(Exercise input)
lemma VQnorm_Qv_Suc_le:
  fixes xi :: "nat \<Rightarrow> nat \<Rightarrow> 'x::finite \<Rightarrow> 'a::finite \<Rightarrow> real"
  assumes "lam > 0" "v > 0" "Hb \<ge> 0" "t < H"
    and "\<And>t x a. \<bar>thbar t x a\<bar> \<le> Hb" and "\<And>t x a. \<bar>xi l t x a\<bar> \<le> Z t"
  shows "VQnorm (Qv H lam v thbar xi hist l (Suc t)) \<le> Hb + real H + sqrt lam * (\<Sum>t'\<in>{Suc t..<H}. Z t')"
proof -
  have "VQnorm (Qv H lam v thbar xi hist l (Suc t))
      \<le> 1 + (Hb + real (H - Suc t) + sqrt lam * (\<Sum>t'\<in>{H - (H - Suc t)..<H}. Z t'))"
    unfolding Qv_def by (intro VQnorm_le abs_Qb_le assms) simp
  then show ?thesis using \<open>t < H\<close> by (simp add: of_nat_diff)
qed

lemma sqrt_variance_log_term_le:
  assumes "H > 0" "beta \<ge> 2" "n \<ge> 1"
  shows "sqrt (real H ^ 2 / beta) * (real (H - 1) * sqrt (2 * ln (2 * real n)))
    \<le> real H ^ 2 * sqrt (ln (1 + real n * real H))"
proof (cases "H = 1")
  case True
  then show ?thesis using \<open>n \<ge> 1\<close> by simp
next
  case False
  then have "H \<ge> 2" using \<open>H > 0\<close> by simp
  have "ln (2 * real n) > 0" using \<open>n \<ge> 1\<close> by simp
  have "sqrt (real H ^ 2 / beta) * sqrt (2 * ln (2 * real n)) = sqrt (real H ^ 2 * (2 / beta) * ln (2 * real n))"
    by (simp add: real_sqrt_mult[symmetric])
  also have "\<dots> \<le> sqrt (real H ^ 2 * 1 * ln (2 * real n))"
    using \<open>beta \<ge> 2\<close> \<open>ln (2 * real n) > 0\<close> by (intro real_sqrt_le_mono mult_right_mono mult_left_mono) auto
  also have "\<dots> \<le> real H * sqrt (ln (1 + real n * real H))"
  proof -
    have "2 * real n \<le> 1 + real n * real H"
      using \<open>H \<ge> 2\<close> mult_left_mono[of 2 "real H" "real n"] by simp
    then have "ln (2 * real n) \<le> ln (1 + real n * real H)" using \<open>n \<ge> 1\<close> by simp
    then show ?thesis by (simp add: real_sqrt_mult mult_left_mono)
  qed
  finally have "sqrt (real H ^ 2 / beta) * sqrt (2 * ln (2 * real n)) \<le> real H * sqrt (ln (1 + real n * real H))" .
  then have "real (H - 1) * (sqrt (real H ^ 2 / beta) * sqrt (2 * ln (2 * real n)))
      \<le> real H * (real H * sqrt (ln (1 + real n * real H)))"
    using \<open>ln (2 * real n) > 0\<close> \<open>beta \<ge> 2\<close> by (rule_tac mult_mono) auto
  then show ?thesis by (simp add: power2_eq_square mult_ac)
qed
(End Exercise input)
(Exercise input)
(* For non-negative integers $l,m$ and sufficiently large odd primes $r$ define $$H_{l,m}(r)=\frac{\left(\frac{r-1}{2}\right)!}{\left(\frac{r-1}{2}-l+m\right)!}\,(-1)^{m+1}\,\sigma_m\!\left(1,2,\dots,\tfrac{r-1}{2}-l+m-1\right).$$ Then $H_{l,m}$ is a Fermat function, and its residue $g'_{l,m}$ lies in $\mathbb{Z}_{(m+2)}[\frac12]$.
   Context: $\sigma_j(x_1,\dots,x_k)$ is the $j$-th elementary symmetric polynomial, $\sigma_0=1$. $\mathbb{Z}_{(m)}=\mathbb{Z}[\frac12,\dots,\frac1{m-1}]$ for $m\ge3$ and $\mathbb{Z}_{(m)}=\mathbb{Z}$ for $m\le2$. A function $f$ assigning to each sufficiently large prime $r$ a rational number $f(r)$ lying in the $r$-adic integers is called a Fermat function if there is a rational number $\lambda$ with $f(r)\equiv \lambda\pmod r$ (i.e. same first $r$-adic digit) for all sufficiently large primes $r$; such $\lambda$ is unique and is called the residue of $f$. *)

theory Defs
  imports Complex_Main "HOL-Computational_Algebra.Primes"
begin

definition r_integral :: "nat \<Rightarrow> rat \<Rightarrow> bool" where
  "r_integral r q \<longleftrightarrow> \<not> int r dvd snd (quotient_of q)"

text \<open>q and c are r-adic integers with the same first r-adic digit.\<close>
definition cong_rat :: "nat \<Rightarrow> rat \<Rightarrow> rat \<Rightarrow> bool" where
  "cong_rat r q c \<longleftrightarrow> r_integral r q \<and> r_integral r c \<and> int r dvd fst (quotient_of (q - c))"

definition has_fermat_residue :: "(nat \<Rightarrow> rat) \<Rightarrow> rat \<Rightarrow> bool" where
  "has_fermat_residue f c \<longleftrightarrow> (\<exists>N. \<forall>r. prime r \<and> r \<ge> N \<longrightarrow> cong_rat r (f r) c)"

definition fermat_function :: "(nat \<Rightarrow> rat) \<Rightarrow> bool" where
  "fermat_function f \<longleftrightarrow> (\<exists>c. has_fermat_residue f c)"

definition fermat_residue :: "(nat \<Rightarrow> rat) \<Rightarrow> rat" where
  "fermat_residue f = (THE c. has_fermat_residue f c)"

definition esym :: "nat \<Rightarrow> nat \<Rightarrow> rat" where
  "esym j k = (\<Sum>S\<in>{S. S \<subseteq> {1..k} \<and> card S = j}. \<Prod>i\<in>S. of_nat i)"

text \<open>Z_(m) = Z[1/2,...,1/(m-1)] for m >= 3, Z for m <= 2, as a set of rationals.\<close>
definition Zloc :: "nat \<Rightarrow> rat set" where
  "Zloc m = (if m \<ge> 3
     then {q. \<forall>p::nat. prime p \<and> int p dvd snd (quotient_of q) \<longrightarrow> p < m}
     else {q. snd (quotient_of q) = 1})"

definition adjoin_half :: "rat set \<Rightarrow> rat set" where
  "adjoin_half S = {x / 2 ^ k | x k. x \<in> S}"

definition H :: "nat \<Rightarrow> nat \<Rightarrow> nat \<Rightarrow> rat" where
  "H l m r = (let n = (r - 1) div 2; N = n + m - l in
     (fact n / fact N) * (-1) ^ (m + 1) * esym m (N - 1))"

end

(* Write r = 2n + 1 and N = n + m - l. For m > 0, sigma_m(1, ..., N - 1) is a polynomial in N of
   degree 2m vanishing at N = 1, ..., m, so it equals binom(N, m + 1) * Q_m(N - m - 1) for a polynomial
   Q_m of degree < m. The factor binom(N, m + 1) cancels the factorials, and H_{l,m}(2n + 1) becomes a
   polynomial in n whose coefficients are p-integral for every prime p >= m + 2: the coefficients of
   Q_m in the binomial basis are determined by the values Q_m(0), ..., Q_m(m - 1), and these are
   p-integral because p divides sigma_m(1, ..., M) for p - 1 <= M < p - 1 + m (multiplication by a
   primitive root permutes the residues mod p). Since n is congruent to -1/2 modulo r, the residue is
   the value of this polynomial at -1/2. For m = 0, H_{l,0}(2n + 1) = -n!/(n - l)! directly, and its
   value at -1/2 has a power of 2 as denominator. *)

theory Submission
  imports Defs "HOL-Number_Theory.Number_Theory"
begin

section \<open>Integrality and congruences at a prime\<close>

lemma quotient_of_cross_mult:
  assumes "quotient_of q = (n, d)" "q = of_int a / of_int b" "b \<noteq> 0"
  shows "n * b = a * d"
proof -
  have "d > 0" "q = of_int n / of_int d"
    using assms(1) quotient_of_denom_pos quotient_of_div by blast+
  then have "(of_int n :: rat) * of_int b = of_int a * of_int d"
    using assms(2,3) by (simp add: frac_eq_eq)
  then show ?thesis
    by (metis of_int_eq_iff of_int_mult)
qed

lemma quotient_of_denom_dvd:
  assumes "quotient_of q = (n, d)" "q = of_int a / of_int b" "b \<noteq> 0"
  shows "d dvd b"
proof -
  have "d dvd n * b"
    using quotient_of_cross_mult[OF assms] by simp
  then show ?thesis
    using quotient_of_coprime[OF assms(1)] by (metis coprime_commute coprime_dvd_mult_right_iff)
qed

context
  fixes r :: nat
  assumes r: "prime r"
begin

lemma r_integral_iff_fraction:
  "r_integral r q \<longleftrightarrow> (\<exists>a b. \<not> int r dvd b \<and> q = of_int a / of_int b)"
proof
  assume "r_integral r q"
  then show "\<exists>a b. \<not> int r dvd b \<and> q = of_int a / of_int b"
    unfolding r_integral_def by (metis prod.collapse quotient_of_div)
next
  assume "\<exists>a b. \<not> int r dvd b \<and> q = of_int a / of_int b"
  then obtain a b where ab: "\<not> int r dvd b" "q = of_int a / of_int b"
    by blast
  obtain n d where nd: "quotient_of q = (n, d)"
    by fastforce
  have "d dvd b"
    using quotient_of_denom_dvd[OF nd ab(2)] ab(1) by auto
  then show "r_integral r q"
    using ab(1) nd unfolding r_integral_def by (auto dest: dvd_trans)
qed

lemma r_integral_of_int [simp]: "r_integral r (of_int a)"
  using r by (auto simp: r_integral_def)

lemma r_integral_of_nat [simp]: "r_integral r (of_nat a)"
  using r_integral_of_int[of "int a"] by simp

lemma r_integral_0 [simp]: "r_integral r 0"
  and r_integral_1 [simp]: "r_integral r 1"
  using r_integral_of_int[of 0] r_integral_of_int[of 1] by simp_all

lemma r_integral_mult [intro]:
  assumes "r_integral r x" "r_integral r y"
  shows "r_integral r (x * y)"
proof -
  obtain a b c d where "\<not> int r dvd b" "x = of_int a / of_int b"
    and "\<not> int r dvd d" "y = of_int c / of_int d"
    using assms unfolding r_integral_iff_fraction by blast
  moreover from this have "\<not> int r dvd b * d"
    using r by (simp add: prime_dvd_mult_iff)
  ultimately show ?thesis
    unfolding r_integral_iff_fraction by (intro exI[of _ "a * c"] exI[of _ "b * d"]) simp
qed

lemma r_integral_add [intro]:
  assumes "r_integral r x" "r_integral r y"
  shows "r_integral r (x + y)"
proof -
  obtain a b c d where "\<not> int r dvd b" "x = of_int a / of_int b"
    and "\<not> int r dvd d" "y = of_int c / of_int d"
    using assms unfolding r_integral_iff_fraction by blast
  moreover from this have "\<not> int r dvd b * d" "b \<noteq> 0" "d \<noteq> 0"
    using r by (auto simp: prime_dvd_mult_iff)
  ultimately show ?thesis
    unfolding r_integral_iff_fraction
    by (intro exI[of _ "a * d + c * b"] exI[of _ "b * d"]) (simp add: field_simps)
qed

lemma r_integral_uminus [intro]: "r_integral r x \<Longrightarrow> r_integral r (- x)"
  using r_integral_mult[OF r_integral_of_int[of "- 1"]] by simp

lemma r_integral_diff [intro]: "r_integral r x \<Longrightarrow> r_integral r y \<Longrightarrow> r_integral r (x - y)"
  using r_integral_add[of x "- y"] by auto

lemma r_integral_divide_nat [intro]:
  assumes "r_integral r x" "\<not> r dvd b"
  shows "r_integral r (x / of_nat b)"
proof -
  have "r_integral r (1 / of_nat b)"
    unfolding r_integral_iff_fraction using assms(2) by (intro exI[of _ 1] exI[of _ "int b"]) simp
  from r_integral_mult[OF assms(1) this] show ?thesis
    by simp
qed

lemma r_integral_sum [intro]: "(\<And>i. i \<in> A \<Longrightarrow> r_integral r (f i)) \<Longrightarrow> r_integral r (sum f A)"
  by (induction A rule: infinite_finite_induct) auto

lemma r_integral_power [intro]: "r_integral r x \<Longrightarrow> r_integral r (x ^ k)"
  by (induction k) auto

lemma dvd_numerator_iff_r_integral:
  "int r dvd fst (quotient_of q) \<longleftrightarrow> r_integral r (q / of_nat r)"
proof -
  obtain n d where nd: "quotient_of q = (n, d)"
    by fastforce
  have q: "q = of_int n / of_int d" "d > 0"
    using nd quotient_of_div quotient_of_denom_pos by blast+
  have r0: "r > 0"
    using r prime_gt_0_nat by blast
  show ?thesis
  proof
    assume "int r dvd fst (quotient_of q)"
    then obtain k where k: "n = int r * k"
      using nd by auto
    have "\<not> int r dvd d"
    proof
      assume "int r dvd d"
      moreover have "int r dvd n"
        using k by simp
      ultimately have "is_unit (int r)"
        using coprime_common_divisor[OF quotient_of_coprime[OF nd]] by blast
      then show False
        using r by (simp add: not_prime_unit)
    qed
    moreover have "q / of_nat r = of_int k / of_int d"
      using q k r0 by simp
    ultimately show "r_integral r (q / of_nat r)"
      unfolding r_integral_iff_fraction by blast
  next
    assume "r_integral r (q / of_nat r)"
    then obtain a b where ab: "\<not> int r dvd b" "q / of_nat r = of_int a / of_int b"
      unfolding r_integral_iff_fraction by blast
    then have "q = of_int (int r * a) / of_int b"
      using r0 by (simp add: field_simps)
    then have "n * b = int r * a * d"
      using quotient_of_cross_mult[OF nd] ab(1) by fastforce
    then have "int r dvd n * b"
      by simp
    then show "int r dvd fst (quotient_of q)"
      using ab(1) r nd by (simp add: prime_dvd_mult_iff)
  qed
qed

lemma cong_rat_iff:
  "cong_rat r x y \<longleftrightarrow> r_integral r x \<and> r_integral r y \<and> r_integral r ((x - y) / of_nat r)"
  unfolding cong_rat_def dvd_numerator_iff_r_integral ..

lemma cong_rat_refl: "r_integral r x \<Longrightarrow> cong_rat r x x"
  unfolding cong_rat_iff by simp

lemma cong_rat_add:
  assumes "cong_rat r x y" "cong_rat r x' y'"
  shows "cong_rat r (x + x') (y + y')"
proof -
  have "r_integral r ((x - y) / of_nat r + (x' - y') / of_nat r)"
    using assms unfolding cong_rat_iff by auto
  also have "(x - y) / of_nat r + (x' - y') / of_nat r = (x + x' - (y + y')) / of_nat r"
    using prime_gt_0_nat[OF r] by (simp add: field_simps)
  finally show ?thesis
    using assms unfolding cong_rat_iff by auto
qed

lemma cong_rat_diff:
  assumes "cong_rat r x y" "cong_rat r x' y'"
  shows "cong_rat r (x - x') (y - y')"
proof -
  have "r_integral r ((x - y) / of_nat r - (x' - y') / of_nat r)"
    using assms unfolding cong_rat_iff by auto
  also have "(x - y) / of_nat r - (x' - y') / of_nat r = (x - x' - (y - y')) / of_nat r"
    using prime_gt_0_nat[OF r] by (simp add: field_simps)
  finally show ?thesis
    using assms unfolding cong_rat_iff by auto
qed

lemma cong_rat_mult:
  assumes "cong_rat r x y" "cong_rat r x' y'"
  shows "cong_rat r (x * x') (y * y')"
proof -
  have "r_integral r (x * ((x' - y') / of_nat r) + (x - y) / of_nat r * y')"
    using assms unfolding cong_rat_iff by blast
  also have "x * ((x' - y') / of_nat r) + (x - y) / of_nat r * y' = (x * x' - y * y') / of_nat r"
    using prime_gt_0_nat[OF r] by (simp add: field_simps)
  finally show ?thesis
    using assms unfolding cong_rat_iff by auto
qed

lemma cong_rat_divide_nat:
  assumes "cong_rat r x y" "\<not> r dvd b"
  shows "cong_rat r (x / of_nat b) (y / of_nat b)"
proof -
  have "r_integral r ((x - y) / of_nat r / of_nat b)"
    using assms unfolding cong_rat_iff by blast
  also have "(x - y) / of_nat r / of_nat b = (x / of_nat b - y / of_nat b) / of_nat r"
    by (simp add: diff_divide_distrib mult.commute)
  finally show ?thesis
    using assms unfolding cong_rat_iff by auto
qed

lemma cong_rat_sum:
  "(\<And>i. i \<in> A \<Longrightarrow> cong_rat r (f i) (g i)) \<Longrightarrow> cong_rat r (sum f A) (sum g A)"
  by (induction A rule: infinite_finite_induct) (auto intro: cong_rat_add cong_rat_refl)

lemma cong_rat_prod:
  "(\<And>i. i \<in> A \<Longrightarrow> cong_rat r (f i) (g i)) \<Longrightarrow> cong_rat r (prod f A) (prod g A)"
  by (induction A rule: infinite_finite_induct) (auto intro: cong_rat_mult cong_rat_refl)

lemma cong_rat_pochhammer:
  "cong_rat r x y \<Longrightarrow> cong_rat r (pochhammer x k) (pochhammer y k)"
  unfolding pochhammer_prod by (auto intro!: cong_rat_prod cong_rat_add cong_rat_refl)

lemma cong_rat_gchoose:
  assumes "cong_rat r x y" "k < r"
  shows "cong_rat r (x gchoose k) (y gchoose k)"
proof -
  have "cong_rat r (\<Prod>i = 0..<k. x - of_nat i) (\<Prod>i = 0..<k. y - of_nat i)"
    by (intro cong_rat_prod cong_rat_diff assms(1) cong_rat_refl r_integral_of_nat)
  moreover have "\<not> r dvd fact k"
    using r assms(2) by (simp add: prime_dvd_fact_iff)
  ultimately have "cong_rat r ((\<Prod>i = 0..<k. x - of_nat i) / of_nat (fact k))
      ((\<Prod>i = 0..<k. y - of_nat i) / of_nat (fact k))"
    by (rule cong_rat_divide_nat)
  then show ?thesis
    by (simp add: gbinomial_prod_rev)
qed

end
(End Exercise input)
* **Exercise brief**
Tally the lines of the records that contain the word "obtain" and state the total alone.

* **Solution to this problem**
7